(Beginning of RECORDED INFORMATION)

(* Let $\Gamma$ be a discrete group, $X$ a $\Gamma$-boundary and $x\in X_0^0$. Then $C^*_{\lambda_{\Gamma/\Gamma_x^0}\times\mathcal P_x}(\Gamma,X)$ is simple.
   Context: A $\Gamma$-boundary is a compact Hausdorff space with a minimal and strongly proximal $\Gamma$-action by homeomorphisms. $\Gamma_x^0=\{g: g\text{ fixes pointwise an open neighborhood of }x\}$, and $X_0^0$ is the set of continuity points of $x\mapsto\Gamma_x^0$ into the space of subgroups with the Chabauty topology (induced from $\{0,1\}^\Gamma$). $\lambda_{\Gamma/\Gamma_x^0}$ is the quasi-regular representation on $\ell^2(\Gamma/\Gamma_x^0)$, and $\mathcal P_x\colon C(X)\to B(\ell^2(\Gamma/\Gamma_x^0))$ is the multiplication representation by $\mathcal P_x(f)(g\Gamma_x^0)=f(gx)$. $C^*_{\lambda_{\Gamma/\Gamma_x^0}\times\mathcal P_x}(\Gamma,X)$ is the closed linear span of $\{\mathcal P_x(f)\lambda_{\Gamma/\Gamma_x^0}(g):f\in C(X),g\in\Gamma\}$. *)

theory Defs
  imports "HOL-Probability.Probability"
begin

text \<open>The discrete group Gamma is a type of class group_add (written additively,
not assumed commutative); X is a compact Hausdorff space (a t2_space type whose
universe is compact); act is a left action by homeomorphisms.\<close>

definition group_action :: "('g::group_add \<Rightarrow> 'x::topological_space \<Rightarrow> 'x) \<Rightarrow> bool" where
  "group_action act \<longleftrightarrow>
     (\<forall>y. act 0 y = y) \<and> (\<forall>g h y. act (g + h) y = act g (act h y)) \<and>
     (\<forall>g. continuous_on UNIV (act g))"

definition minimal_action :: "('g::group_add \<Rightarrow> 'x::topological_space \<Rightarrow> 'x) \<Rightarrow> bool" where
  "minimal_action act \<longleftrightarrow> (\<forall>y. closure (range (\<lambda>g. act g y)) = UNIV)"

text \<open>Strong proximality: for every Borel probability measure mu on X, the weak*
closure of the orbit of mu contains a Dirac measure delta_y.\<close>
definition strongly_proximal :: "('g::group_add \<Rightarrow> 'x::topological_space \<Rightarrow> 'x) \<Rightarrow> bool" where
  "strongly_proximal act \<longleftrightarrow>
     (\<forall>M::'x measure. prob_space M \<and> sets M = sets borel \<longrightarrow>
        (\<exists>y. \<forall>F. finite F \<and> (\<forall>f\<in>F. continuous_on UNIV (f :: 'x \<Rightarrow> real)) \<longrightarrow>
              (\<forall>\<epsilon>>0. \<exists>g. \<forall>f\<in>F. \<bar>(\<integral>z. f z \<partial>(distr M borel (act g))) - f y\<bar> < \<epsilon>)))"

definition gamma_boundary :: "('g::group_add \<Rightarrow> 'x::t2_space \<Rightarrow> 'x) \<Rightarrow> bool" where
  "gamma_boundary act \<longleftrightarrow> compact (UNIV :: 'x set) \<and> group_action act \<and>
     minimal_action act \<and> strongly_proximal act"

definition Gamma0 :: "('g::group_add \<Rightarrow> 'x::topological_space \<Rightarrow> 'x) \<Rightarrow> 'x \<Rightarrow> 'g set" where
  "Gamma0 act x = {g. \<exists>U. open U \<and> x \<in> U \<and> (\<forall>y\<in>U. act g y = y)}"

text \<open>Continuity of x |-> Gamma_x^0 into {0,1}^Gamma with the product (Chabauty)
topology: every coordinate is locally constant at x.\<close>
definition X00 :: "('g::group_add \<Rightarrow> 'x::topological_space \<Rightarrow> 'x) \<Rightarrow> 'x set" where
  "X00 act = {x. \<forall>g. \<exists>U. open U \<and> x \<in> U \<and>
                  (\<forall>y\<in>U. (g \<in> Gamma0 act y \<longleftrightarrow> g \<in> Gamma0 act x))}"

definition lcoset :: "'g::group_add \<Rightarrow> 'g set \<Rightarrow> 'g set" where
  "lcoset g H = (\<lambda>h. g + h) ` H"

definition cosets :: "'g::group_add set \<Rightarrow> 'g set set" where
  "cosets H = range (\<lambda>g. lcoset g H)"

text \<open>Vectors of ell^2(Q) are functions on 'a (here 'a = 'g set) vanishing off Q.\<close>
definition l2 :: "'a set \<Rightarrow> ('a \<Rightarrow> complex) set" where
  "l2 Q = {\<xi>. (\<forall>c. c \<notin> Q \<longrightarrow> \<xi> c = 0) \<and> (\<lambda>c. (norm (\<xi> c))\<^sup>2) summable_on Q}"

definition l2norm :: "'a set \<Rightarrow> ('a \<Rightarrow> complex) \<Rightarrow> real" where
  "l2norm Q \<xi> = sqrt (\<Sum>\<^sub>\<infinity>c\<in>Q. (norm (\<xi> c))\<^sup>2)"

type_synonym 'a op = "('a \<Rightarrow> complex) \<Rightarrow> ('a \<Rightarrow> complex)"

text \<open>Operators are represented extensionally: they vanish outside ell^2(Q).\<close>
definition bounded_op :: "'a set \<Rightarrow> 'a op \<Rightarrow> bool" where
  "bounded_op Q T \<longleftrightarrow>
     (\<forall>\<xi>. \<xi> \<notin> l2 Q \<longrightarrow> T \<xi> = (\<lambda>_. 0)) \<and> (\<forall>\<xi>\<in>l2 Q. T \<xi> \<in> l2 Q) \<and>
     (\<forall>\<xi>\<in>l2 Q. \<forall>\<eta>\<in>l2 Q. \<forall>a. T (\<lambda>c. a * \<xi> c + \<eta> c) = (\<lambda>c. a * T \<xi> c + T \<eta> c)) \<and>
     (\<exists>K. \<forall>\<xi>\<in>l2 Q. l2norm Q (T \<xi>) \<le> K * l2norm Q \<xi>)"

definition opnorm :: "'a set \<Rightarrow> 'a op \<Rightarrow> real" where
  "opnorm Q T = Sup {l2norm Q (T \<xi>) | \<xi>. \<xi> \<in> l2 Q \<and> l2norm Q \<xi> \<le> 1}"

definition op_diff :: "'a op \<Rightarrow> 'a op \<Rightarrow> 'a op" where
  "op_diff T S = (\<lambda>\<xi> c. T \<xi> c - S \<xi> c)"

definition zero_op :: "'a op" where
  "zero_op = (\<lambda>\<xi> c. 0)"

definition quasi_regular :: "'g::group_add set \<Rightarrow> 'g \<Rightarrow> 'g set op" where
  "quasi_regular H g \<xi> =
     (if \<xi> \<in> l2 (cosets H) then (\<lambda>c. \<xi> ((\<lambda>k. - g + k) ` c)) else (\<lambda>_. 0))"

definition mult_rep :: "('g::group_add \<Rightarrow> 'x \<Rightarrow> 'x) \<Rightarrow> 'x \<Rightarrow> 'g set \<Rightarrow> ('x \<Rightarrow> complex) \<Rightarrow> 'g set op" where
  "mult_rep act x H f \<xi> =
     (if \<xi> \<in> l2 (cosets H)
      then (\<lambda>c. if c \<in> cosets H then f (act (SOME k. c = lcoset k H) x) * \<xi> c else 0)
      else (\<lambda>_. 0))"

definition cspan :: "'a op set \<Rightarrow> 'a op set" where
  "cspan S = {T. \<exists>n (a :: nat \<Rightarrow> complex) T'. (\<forall>i<n. T' i \<in> S) \<and>
                   T = (\<lambda>\<xi> c. \<Sum>i<n. a i * T' i \<xi> c)}"

text \<open>C*_{lambda x P_x}(Gamma, X): the norm-closed linear span of P_x(f) lambda(g).\<close>
definition crossed_alg :: "('g::group_add \<Rightarrow> 'x::topological_space \<Rightarrow> 'x) \<Rightarrow> 'x \<Rightarrow> 'g set op set" where
  "crossed_alg act x =
     (let H = Gamma0 act x; Q = cosets H;
          G = {(\<lambda>\<xi>. mult_rep act x H f (quasi_regular H g \<xi>)) | f g. continuous_on UNIV f}
      in {T. bounded_op Q T \<and> (\<forall>\<epsilon>>0. \<exists>S\<in>cspan G. opnorm Q (op_diff T S) < \<epsilon>)})"

definition closed_ideal :: "'a set \<Rightarrow> 'a op set \<Rightarrow> 'a op set \<Rightarrow> bool" where
  "closed_ideal Q A J \<longleftrightarrow> J \<subseteq> A \<and> zero_op \<in> J \<and>
     (\<forall>a\<in>J. \<forall>b\<in>J. (\<lambda>\<xi> c. a \<xi> c + b \<xi> c) \<in> J) \<and>
     (\<forall>a\<in>J. \<forall>z. (\<lambda>\<xi> c. z * a \<xi> c) \<in> J) \<and>
     (\<forall>a\<in>A. \<forall>j\<in>J. a \<circ> j \<in> J \<and> j \<circ> a \<in> J) \<and>
     (\<forall>T\<in>A. (\<forall>\<epsilon>>0. \<exists>j\<in>J. opnorm Q (op_diff T j) < \<epsilon>) \<longrightarrow> T \<in> J)"

definition simple_cstar :: "'a set \<Rightarrow> 'a op set \<Rightarrow> bool" where
  "simple_cstar Q A \<longleftrightarrow> A \<noteq> {zero_op} \<and>
     (\<forall>J. closed_ideal Q A J \<longrightarrow> J = {zero_op} \<or> J = A)"

end

theory Submission
  imports Defs
begin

(End of RECORDED INFORMATION)

Pull out every line of the records above that contains the word "else".

     (if \<xi> \<in> l2 (cosets H) then (\<lambda>c. \<xi> ((\<lambda>k. - g + k) ` c)) else (\<lambda>_. 0))"
      then (\<lambda>c. if c \<in> cosets H then f (act (SOME k. c = lcoset k H) x) * \<xi> c else 0)
      else (\<lambda>_. 0))"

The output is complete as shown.